AVAILABLE RECORDS:

====================

definition merge_prob :: "partition \<Rightarrow> partition \<Rightarrow> real" where
  "merge_prob P S = (if S \<in> merge_sets P then coal_rate L (card P) (card S) / total_rate L P else 0)"

lemma merge_prob_nonneg: "0 \<le> merge_prob P S"
  unfolding merge_prob_def using coal_rate_nonneg total_rate_nonneg by simp

lemma sum_merge_prob:
  assumes "finite P" "2 \<le> card P"
  shows "(\<Sum>S\<in>merge_sets P. merge_prob P S) = 1"
proof -
  have "(\<Sum>S\<in>merge_sets P. merge_prob P S) = (\<Sum>S\<in>merge_sets P. coal_rate L (card P) (card S)) / total_rate L P"
    unfolding sum_divide_distrib by (intro sum.cong refl) (simp add: merge_prob_def)
  then show ?thesis using total_rate_pos[OF assms] by (simp add: total_rate_def)
qed

lemma
  assumes "finite P" "2 \<le> card P"
  shows pmf_embed_merge_prob: "pmf (embed_pmf (merge_prob P)) S = merge_prob P S"
    and set_pmf_embed_merge_prob: "set_pmf (embed_pmf (merge_prob P)) \<subseteq> merge_sets P"
proof -
  have "(\<integral>\<^sup>+S. ennreal (merge_prob P S) \<partial>count_space UNIV) = (\<Sum>S\<in>merge_sets P. ennreal (merge_prob P S))"
    using assms by (intro nn_integral_count_space') (auto simp: finite_merge_sets merge_prob_def)
  also have "\<dots> = 1"
    using sum_merge_prob[OF assms] by (simp add: sum_ennreal merge_prob_nonneg)
  finally have prob: "(\<integral>\<^sup>+S. ennreal (merge_prob P S) \<partial>count_space UNIV) = 1" .
  show "pmf (embed_pmf (merge_prob P)) S = merge_prob P S"
    by (rule pmf_embed_pmf) (auto simp: merge_prob_nonneg prob)
  have "set_pmf (embed_pmf (merge_prob P)) = {S. merge_prob P S \<noteq> 0}"
    by (rule set_embed_pmf) (auto simp: merge_prob_nonneg prob)
  then show "set_pmf (embed_pmf (merge_prob P)) \<subseteq> merge_sets P"
    by (auto simp: merge_prob_def split: if_splits)
qed

lemma coal_step_eq_merge:
  assumes "2 \<le> card P"
  shows "coal_step L P = map_pmf (merge_blocks P) (embed_pmf (merge_prob P))"
  using assms unfolding coal_step_def merge_blocks_def[abs_def] merge_prob_def[abs_def] by simp

lemma set_pmf_coal_step:
  assumes "finite P" "Q \<in> set_pmf (coal_step L P)"
  shows "finite Q" "card Q \<le> card P" "2 \<le> card P \<Longrightarrow> card Q < card P"
proof -
  have "finite Q \<and> card Q \<le> card P \<and> (2 \<le> card P \<longrightarrow> card Q < card P)"
  proof (cases "2 \<le> card P")
    case True
    then obtain S where S: "S \<in> merge_sets P" "Q = merge_blocks P S"
      using assms set_pmf_embed_merge_prob[OF assms(1) True] by (auto simp: coal_step_eq_merge)
    then show ?thesis
      using card_merge_blocks_less[OF assms(1) S(1)] finite_merge_blocks[OF assms(1)] by simp
  next
    case False
    then show ?thesis using assms by (simp add: coal_step_def)
  qed
  then show "finite Q" "card Q \<le> card P" "2 \<le> card P \<Longrightarrow> card Q < card P" by auto
qed

lemma nn_integral_coal_step:
  assumes "finite P" "2 \<le> card P"
  shows "(\<integral>\<^sup>+Q. f Q \<partial>coal_step L P) = (\<Sum>S\<in>merge_sets P. f (merge_blocks P S) * ennreal (merge_prob P S))"
proof -
  have "(\<integral>\<^sup>+Q. f Q \<partial>coal_step L P) = (\<integral>\<^sup>+S. f (merge_blocks P S) \<partial>embed_pmf (merge_prob P))"
    by (simp add: coal_step_eq_merge[OF assms(2)])
  also have "\<dots> = (\<Sum>S\<in>merge_sets P. f (merge_blocks P S) * pmf (embed_pmf (merge_prob P)) S)"
    using set_pmf_embed_merge_prob[OF assms] finite_merge_sets[OF assms(1)]
    by (intro nn_integral_measure_pmf_support) auto
  finally show ?thesis by (simp add: pmf_embed_merge_prob[OF assms])
qed

section \<open>The drift inequality\<close>

text \<open>The holding time in \<open>P\<close> has mean \<open>1 / total_rate L P\<close>, so this is the expected contribution
  of the stay in \<open>P\<close> to the integral of \<open>1 / N\<close> up to \<open>tau L k\<close>.\<close>
definition stay_cost :: "nat \<Rightarrow> partition \<Rightarrow> real" where
  "stay_cost k P = (if k \<le> card P then 1 / (real (card P) * total_rate L P) else 0)"

definition lyapunov :: "nat \<Rightarrow> partition \<Rightarrow> real" where
  "lyapunov k P = (2 / mass) * (2 / real k - 1 / max (real (card P)) (real k / 2))"

lemma stay_cost_nonneg: "0 \<le> stay_cost k P"
  unfolding stay_cost_def using total_rate_nonneg by simp

lemma lyapunov_nonneg:
  assumes "0 < k"
  shows "0 \<le> lyapunov k P"
proof -
  have "1 / max (real (card P)) (real k / 2) \<le> 1 / (real k / 2)"
    using assms by (intro divide_left_mono) auto
  then show ?thesis unfolding lyapunov_def using mass_pos by simp
qed

lemma lyapunov_mono:
  assumes "0 < k" "card Q \<le> card P"
  shows "lyapunov k Q \<le> lyapunov k P"
proof -
  have "1 / max (real (card P)) (real k / 2) \<le> 1 / max (real (card Q)) (real k / 2)"
    using assms by (intro divide_left_mono) auto
  then show ?thesis unfolding lyapunov_def using mass_pos by (intro mult_left_mono) auto
qed

lemma lyapunov_le:
  assumes "0 < k"
  shows "lyapunov k P \<le> 4 / (mass * real k)"
proof -
  have "lyapunov k P \<le> (2 / mass) * (2 / real k)"
    unfolding lyapunov_def using assms mass_pos by (intro mult_left_mono) auto
  then show ?thesis by simp
qed

lemma lyapunov_decrease_ge:
  assumes "finite P" "2 \<le> k" "k \<le> card P" "S \<in> merge_sets P"
  shows "(2 / mass) * (real (card S - 1) / (real (card P))\<^sup>2) \<le> lyapunov k P - lyapunov k (merge_blocks P S)"
proof -
  let ?b = "real (card P)" and ?b' = "real (card (merge_blocks P S))"
  have S: "2 \<le> card S" "card S \<le> card P"
    using assms(1,4) by (auto simp: merge_sets_def card_mono)
  have "?b' + real (card S) \<le> ?b + 1"
    using card_merge_blocks_le[OF assms(1,4)] by linarith
  then have "(real (card S) - 1) / ?b\<^sup>2 \<le> 1 / max ?b' (real k / 2) - 1 / ?b"
    using assms S by (intro inverse_max_diff_ge) auto
  then have "(2 / mass) * (real (card S - 1) / ?b\<^sup>2) \<le> (2 / mass) * (1 / max ?b' (real k / 2) - 1 / ?b)"
    using mass_pos S by (intro mult_left_mono) (auto simp: of_nat_diff)
  also have "\<dots> = lyapunov k P - lyapunov k (merge_blocks P S)"
    using assms(3) by (simp add: lyapunov_def max_def algebra_simps)
  finally show ?thesis .
qed

lemma stay_cost_le_lyapunov_drift:
  assumes "finite P" "2 \<le> k" "2 \<le> card P"
  shows "stay_cost k P + (\<Sum>S\<in>merge_sets P. lyapunov k (merge_blocks P S) * merge_prob P S) \<le> lyapunov k P"
proof (cases "k \<le> card P")
  case False
  have "(\<Sum>S\<in>merge_sets P. lyapunov k (merge_blocks P S) * merge_prob P S)
      \<le> (\<Sum>S\<in>merge_sets P. lyapunov k P * merge_prob P S)"
    using assms card_merge_blocks_less[OF assms(1)]
    by (intro sum_mono mult_right_mono merge_prob_nonneg lyapunov_mono less_imp_le) auto
  also have "\<dots> = lyapunov k P"
    using sum_merge_prob[OF assms(1,3)] by (simp add: sum_distrib_left[symmetric])
  finally show ?thesis using False by (simp add: stay_cost_def)
next
  case True
  let ?b = "real (card P)" and ?\<gamma> = "total_rate L P"
  have b: "0 < ?b" and \<gamma>: "0 < ?\<gamma>"
    using assms total_rate_pos[OF assms(1,3)] by auto
  have "stay_cost k P = (2 / mass) / (?b\<^sup>2 * ?\<gamma>) * (?b * mass / 2)"
    using b \<gamma> mass_pos True by (simp add: stay_cost_def power2_eq_square field_simps)
  also have "\<dots> \<le> (2 / mass) / (?b\<^sup>2 * ?\<gamma>) * (\<Sum>S\<in>merge_sets P. coal_rate L (card P) (card S) * real (card S - 1))"
    using sum_merge_sets_excess_ge[OF assms(1,3)] b \<gamma> mass_pos by (intro mult_left_mono) auto
  also have "\<dots> = (\<Sum>S\<in>merge_sets P. merge_prob P S * ((2 / mass) * (real (card S - 1) / ?b\<^sup>2)))"
    unfolding sum_distrib_left by (intro sum.cong refl) (simp add: merge_prob_def field_simps)
  also have "\<dots> \<le> (\<Sum>S\<in>merge_sets P. merge_prob P S * (lyapunov k P - lyapunov k (merge_blocks P S)))"
    using lyapunov_decrease_ge[OF assms(1,2) True]
    by (intro sum_mono mult_left_mono merge_prob_nonneg) auto
  also have "\<dots> = lyapunov k P - (\<Sum>S\<in>merge_sets P. lyapunov k (merge_blocks P S) * merge_prob P S)"
    using sum_merge_prob[OF assms(1,3)]
    by (simp add: right_diff_distrib sum_subtractf sum_distrib_left[symmetric] mult.commute)
  finally show ?thesis by simp
qed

====================

THE TASK:
Show all lines above holding the word "unfolding".

TASK OUTPUT:
  unfolding merge_prob_def using coal_rate_nonneg total_rate_nonneg by simp
    unfolding sum_divide_distrib by (intro sum.cong refl) (simp add: merge_prob_def)
  using assms unfolding coal_step_def merge_blocks_def[abs_def] merge_prob_def[abs_def] by simp
  unfolding stay_cost_def using total_rate_nonneg by simp
  then show ?thesis unfolding lyapunov_def using mass_pos by simp
  then show ?thesis unfolding lyapunov_def using mass_pos by (intro mult_left_mono) auto
    unfolding lyapunov_def using assms mass_pos by (intro mult_left_mono) auto
    unfolding sum_distrib_left by (intro sum.cong refl) (simp add: merge_prob_def field_simps)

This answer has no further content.